Problem details:
In the data below, find every line with the string "noteq" and pull it out.

───── Recorded data

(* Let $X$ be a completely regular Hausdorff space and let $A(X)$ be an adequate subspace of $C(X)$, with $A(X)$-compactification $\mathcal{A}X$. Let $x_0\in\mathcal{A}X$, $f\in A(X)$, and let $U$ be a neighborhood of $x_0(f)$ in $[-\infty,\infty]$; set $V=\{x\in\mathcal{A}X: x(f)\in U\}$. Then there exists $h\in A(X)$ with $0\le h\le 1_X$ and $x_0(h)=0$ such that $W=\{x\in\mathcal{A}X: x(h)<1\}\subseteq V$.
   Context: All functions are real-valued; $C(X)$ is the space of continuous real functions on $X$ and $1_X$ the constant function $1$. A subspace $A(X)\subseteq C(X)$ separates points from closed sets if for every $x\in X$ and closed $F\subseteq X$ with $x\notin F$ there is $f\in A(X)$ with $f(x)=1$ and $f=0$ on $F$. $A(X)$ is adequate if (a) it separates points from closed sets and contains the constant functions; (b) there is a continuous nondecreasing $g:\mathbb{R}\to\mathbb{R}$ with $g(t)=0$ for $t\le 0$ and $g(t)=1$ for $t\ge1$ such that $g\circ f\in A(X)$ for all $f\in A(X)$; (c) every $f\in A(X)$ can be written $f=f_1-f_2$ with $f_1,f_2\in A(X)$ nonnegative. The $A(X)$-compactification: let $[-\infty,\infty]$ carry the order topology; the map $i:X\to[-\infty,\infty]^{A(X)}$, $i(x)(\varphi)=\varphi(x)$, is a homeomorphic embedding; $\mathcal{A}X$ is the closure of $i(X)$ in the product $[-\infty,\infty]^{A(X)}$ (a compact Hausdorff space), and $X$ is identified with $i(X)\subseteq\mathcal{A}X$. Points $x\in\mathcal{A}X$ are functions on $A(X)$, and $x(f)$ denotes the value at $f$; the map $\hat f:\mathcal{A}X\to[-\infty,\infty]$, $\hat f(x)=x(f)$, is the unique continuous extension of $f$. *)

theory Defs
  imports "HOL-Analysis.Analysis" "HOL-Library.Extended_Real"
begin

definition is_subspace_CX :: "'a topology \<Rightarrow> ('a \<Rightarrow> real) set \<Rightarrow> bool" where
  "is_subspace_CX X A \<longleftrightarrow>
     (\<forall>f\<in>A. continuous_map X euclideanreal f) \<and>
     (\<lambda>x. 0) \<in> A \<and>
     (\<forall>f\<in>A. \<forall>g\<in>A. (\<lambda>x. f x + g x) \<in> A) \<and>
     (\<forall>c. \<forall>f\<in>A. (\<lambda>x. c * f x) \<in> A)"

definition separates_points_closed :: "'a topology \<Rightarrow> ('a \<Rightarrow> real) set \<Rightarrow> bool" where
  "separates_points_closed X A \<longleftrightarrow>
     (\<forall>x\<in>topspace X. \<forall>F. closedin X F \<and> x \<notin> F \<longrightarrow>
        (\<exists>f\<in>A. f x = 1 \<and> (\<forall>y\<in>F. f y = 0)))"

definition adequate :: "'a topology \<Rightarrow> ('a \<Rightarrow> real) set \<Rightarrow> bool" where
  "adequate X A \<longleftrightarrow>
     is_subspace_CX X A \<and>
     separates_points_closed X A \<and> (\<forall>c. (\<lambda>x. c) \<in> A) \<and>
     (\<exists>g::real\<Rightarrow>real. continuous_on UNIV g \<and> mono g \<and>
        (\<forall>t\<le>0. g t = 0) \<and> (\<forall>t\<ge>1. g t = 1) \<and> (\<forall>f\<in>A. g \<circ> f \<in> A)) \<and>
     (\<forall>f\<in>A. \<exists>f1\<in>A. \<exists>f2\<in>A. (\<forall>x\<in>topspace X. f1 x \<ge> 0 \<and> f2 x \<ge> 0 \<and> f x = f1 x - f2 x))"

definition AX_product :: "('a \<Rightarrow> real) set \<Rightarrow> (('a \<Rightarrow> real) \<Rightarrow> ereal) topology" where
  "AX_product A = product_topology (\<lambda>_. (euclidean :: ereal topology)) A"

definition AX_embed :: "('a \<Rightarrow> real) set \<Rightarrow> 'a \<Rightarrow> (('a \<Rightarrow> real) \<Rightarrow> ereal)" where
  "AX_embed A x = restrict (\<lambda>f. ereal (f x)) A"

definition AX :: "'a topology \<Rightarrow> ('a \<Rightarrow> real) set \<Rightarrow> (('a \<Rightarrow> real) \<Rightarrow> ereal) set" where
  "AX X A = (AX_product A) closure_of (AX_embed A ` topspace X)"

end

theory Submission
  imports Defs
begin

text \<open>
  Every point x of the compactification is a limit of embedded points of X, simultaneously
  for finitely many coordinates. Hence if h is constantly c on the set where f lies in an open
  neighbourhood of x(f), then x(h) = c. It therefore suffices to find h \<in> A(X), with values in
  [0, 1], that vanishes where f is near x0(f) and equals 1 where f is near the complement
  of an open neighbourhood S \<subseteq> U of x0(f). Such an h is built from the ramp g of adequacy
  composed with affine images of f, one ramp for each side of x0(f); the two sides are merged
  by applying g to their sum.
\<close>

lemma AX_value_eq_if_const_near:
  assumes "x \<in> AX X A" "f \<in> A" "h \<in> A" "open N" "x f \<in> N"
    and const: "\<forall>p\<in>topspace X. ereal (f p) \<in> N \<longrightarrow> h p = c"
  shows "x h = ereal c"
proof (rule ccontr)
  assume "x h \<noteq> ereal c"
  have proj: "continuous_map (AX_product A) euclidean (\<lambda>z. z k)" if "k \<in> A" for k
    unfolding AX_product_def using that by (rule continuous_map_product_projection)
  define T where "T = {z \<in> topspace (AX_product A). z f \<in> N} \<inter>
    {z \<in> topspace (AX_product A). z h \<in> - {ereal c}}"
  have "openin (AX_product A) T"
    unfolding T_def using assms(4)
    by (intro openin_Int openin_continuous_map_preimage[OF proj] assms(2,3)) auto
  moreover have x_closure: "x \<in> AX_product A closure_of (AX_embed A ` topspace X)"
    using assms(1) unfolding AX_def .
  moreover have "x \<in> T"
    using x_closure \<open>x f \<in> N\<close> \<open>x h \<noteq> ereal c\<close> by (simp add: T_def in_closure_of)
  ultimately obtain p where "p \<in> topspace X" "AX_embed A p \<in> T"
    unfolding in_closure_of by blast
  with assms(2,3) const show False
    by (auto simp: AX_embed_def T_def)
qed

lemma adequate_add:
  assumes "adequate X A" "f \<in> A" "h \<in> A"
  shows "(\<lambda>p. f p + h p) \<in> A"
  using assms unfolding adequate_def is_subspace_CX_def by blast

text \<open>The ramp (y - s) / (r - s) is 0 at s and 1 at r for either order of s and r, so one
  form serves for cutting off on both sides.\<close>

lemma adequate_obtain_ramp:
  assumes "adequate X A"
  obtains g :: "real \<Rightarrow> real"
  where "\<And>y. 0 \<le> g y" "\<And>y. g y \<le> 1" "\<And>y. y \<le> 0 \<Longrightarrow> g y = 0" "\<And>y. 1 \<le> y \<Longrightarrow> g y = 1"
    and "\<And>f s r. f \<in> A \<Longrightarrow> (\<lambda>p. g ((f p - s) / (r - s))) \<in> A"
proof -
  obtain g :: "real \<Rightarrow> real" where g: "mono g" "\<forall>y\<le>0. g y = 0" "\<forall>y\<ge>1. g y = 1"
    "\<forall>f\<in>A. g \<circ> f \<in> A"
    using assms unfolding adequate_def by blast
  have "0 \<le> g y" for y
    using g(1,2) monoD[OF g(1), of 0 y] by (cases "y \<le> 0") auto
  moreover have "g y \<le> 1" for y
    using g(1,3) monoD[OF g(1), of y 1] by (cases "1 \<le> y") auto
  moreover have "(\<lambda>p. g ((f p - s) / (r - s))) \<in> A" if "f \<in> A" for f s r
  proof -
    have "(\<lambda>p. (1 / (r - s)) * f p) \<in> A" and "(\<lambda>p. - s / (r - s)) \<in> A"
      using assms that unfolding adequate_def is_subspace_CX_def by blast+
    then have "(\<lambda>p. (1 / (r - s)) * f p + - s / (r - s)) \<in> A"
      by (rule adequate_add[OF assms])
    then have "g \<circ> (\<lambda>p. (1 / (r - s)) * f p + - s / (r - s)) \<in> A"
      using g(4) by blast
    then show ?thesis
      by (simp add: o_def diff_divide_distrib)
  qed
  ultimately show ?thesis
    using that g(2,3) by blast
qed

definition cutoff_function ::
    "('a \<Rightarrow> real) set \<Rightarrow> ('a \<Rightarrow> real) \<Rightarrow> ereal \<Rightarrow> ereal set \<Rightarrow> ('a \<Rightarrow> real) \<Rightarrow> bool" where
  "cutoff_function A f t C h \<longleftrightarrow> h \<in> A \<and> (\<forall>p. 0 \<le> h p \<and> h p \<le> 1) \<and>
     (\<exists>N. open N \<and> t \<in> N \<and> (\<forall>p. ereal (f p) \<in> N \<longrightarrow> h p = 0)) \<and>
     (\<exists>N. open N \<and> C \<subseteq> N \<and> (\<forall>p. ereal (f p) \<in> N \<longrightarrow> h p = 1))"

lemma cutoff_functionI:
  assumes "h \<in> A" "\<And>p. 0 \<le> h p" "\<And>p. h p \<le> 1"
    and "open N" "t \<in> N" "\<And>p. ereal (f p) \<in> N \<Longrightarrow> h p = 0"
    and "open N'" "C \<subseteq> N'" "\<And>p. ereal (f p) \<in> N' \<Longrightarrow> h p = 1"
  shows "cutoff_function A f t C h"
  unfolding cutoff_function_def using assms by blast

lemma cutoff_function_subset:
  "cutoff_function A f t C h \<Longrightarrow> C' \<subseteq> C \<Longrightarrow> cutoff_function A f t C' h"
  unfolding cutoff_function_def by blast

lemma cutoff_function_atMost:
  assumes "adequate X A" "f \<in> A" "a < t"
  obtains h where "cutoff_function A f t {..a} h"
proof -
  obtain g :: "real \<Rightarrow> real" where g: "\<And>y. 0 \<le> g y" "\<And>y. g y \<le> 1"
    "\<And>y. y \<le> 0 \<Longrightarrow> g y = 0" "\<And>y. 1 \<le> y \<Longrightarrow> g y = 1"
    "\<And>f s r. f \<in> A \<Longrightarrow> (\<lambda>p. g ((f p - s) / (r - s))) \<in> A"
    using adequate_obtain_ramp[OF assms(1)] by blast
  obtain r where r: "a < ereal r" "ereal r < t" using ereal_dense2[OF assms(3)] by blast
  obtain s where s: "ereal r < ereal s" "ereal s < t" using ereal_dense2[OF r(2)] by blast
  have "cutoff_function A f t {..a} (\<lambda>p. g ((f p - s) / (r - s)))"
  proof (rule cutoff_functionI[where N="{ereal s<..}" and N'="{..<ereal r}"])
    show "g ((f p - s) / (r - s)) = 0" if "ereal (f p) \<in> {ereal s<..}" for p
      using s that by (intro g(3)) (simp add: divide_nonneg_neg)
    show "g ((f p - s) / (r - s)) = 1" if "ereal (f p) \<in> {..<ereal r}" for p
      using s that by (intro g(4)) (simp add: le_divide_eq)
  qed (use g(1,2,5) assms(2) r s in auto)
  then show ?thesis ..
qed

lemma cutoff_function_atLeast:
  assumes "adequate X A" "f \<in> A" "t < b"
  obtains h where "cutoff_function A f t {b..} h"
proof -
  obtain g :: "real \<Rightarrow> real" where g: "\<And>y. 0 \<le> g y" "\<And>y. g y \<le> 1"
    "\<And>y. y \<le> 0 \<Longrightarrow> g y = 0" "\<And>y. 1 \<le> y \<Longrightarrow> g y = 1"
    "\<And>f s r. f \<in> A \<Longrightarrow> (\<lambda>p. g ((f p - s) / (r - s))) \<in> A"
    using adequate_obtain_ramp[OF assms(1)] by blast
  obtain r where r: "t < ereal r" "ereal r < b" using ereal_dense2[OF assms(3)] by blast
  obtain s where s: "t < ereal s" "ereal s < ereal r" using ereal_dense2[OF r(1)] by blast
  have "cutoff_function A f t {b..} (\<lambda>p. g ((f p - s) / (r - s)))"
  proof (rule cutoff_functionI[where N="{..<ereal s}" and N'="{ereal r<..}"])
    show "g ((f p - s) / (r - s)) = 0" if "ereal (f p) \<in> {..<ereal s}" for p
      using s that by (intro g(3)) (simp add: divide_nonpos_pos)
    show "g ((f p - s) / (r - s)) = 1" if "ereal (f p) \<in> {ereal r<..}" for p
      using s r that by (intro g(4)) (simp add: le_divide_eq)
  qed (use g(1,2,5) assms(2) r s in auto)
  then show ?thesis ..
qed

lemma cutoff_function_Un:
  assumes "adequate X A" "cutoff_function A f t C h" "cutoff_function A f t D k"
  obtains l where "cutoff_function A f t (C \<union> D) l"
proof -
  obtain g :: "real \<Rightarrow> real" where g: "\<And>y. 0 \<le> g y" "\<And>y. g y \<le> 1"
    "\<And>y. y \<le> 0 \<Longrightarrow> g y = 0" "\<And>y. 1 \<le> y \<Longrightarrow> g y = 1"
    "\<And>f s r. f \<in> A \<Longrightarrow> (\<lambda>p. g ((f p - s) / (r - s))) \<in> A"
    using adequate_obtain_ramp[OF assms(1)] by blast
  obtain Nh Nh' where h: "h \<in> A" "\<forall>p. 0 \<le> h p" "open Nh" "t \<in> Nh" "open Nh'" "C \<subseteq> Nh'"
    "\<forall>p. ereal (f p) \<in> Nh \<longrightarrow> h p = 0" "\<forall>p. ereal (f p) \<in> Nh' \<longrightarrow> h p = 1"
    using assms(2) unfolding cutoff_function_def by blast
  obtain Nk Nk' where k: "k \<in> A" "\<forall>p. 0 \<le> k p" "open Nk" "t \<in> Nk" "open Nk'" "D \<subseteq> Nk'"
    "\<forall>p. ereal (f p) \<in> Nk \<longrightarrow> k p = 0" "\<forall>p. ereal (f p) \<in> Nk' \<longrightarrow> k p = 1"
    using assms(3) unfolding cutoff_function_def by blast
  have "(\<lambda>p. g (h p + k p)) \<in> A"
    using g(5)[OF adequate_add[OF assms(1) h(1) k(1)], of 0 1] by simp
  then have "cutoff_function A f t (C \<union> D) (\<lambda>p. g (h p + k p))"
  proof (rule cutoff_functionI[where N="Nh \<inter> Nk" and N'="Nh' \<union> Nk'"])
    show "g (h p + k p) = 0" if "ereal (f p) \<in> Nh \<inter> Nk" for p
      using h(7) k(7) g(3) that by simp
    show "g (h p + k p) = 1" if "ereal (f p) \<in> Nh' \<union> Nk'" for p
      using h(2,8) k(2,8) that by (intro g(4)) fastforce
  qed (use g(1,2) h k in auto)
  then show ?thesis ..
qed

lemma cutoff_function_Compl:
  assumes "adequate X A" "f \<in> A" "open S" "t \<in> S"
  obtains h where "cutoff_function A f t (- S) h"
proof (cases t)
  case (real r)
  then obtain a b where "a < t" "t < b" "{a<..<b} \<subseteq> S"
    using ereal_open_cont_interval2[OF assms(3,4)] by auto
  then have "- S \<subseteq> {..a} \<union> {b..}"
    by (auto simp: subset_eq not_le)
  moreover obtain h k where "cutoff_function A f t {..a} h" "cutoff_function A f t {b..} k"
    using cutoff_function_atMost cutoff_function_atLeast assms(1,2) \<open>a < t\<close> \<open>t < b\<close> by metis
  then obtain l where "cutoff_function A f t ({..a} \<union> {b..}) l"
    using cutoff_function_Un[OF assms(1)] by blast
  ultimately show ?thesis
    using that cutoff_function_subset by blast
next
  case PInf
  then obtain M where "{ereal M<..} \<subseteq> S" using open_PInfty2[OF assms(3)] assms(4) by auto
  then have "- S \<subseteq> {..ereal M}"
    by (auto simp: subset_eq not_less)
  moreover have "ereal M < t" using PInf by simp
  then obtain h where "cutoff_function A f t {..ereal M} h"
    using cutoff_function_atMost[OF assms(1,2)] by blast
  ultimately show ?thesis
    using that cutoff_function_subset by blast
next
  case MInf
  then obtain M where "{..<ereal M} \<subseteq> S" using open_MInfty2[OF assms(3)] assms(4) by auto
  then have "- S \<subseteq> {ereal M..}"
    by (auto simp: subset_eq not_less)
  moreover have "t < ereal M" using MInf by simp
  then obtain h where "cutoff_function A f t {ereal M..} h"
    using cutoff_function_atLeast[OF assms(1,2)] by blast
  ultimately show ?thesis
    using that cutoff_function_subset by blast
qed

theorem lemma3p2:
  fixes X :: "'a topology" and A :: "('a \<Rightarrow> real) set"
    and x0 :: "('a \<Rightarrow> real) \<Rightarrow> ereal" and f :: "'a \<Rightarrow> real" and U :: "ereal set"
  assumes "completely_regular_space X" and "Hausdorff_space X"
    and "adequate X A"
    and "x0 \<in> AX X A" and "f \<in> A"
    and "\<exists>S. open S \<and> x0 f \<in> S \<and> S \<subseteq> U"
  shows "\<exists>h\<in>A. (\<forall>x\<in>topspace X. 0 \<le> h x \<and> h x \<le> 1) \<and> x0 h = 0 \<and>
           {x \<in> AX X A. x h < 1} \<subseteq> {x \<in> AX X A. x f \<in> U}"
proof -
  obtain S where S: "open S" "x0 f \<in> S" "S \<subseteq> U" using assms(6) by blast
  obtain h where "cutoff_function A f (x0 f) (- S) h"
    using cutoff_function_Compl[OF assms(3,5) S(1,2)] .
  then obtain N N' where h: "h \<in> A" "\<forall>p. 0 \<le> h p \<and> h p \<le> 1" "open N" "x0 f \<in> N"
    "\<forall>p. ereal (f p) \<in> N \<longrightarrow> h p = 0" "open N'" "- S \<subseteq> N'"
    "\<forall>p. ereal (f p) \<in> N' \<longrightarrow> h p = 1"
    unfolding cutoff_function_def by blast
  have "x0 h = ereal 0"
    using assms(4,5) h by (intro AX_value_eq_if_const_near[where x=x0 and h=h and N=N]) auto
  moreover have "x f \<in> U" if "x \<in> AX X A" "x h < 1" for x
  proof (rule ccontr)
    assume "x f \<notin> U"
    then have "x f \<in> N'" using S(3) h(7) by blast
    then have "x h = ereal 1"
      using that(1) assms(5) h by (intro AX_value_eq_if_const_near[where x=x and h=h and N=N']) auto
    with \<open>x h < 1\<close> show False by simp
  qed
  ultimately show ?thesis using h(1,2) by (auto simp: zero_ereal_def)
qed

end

──────────

Written solution:
  assume "x h \<noteq> ereal c"
    using x_closure \<open>x f \<in> N\<close> \<open>x h \<noteq> ereal c\<close> by (simp add: T_def in_closure_of)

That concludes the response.